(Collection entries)
=-=-=

lemma face_face:
  "i < j \<Longrightarrow> j \<le> Suc (Suc q) \<Longrightarrow> x \<in> carrier (G (Suc (Suc q))) \<Longrightarrow>
   d q i (d (Suc q) j x) = d q (j - 1) (d (Suc q) i x)"
  using simplicial unfolding simplicial_abgroup_def by simp
lemma degen_degen:
  "i \<le> j \<Longrightarrow> j \<le> q \<Longrightarrow> x \<in> carrier (G q) \<Longrightarrow> s (Suc q) i (s q j x) = s (Suc q) (Suc j) (s q i x)"
  using simplicial unfolding simplicial_abgroup_def by simp
lemma face_degen_less:
  "i < j \<Longrightarrow> j \<le> Suc q \<Longrightarrow> x \<in> carrier (G (Suc q)) \<Longrightarrow>
   d (Suc q) i (s (Suc q) j x) = s q (j - 1) (d q i x)"
  using simplicial unfolding simplicial_abgroup_def by simp
lemma face_degen_same: "j \<le> q \<Longrightarrow> x \<in> carrier (G q) \<Longrightarrow> d q j (s q j x) = x"
  using simplicial unfolding simplicial_abgroup_def by simp
lemma face_Suc_degen_same: "j \<le> q \<Longrightarrow> x \<in> carrier (G q) \<Longrightarrow> d q (Suc j) (s q j x) = x"
  using simplicial unfolding simplicial_abgroup_def by simp
lemma face_degen_greater:
  "Suc j < i \<Longrightarrow> i \<le> Suc (Suc q) \<Longrightarrow> x \<in> carrier (G (Suc q)) \<Longrightarrow>
   d (Suc q) i (s (Suc q) j x) = s q j (d q (i - 1) x)"
  using simplicial unfolding simplicial_abgroup_def by simp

=-=-=

— Task to carry out —
Would you restate every record word for word?

— Response for this exercise —
lemma face_face:
  "i < j \<Longrightarrow> j \<le> Suc (Suc q) \<Longrightarrow> x \<in> carrier (G (Suc (Suc q))) \<Longrightarrow>
   d q i (d (Suc q) j x) = d q (j - 1) (d (Suc q) i x)"
  using simplicial unfolding simplicial_abgroup_def by simp
lemma degen_degen:
  "i \<le> j \<Longrightarrow> j \<le> q \<Longrightarrow> x \<in> carrier (G q) \<Longrightarrow> s (Suc q) i (s q j x) = s (Suc q) (Suc j) (s q i x)"
  using simplicial unfolding simplicial_abgroup_def by simp
lemma face_degen_less:
  "i < j \<Longrightarrow> j \<le> Suc q \<Longrightarrow> x \<in> carrier (G (Suc q)) \<Longrightarrow>
   d (Suc q) i (s (Suc q) j x) = s q (j - 1) (d q i x)"
  using simplicial unfolding simplicial_abgroup_def by simp
lemma face_degen_same: "j \<le> q \<Longrightarrow> x \<in> carrier (G q) \<Longrightarrow> d q j (s q j x) = x"
  using simplicial unfolding simplicial_abgroup_def by simp
lemma face_Suc_degen_same: "j \<le> q \<Longrightarrow> x \<in> carrier (G q) \<Longrightarrow> d q (Suc j) (s q j x) = x"
  using simplicial unfolding simplicial_abgroup_def by simp
lemma face_degen_greater:
  "Suc j < i \<Longrightarrow> i \<le> Suc (Suc q) \<Longrightarrow> x \<in> carrier (G (Suc q)) \<Longrightarrow>
   d (Suc q) i (s (Suc q) j x) = s q j (d q (i - 1) x)"
  using simplicial unfolding simplicial_abgroup_def by simp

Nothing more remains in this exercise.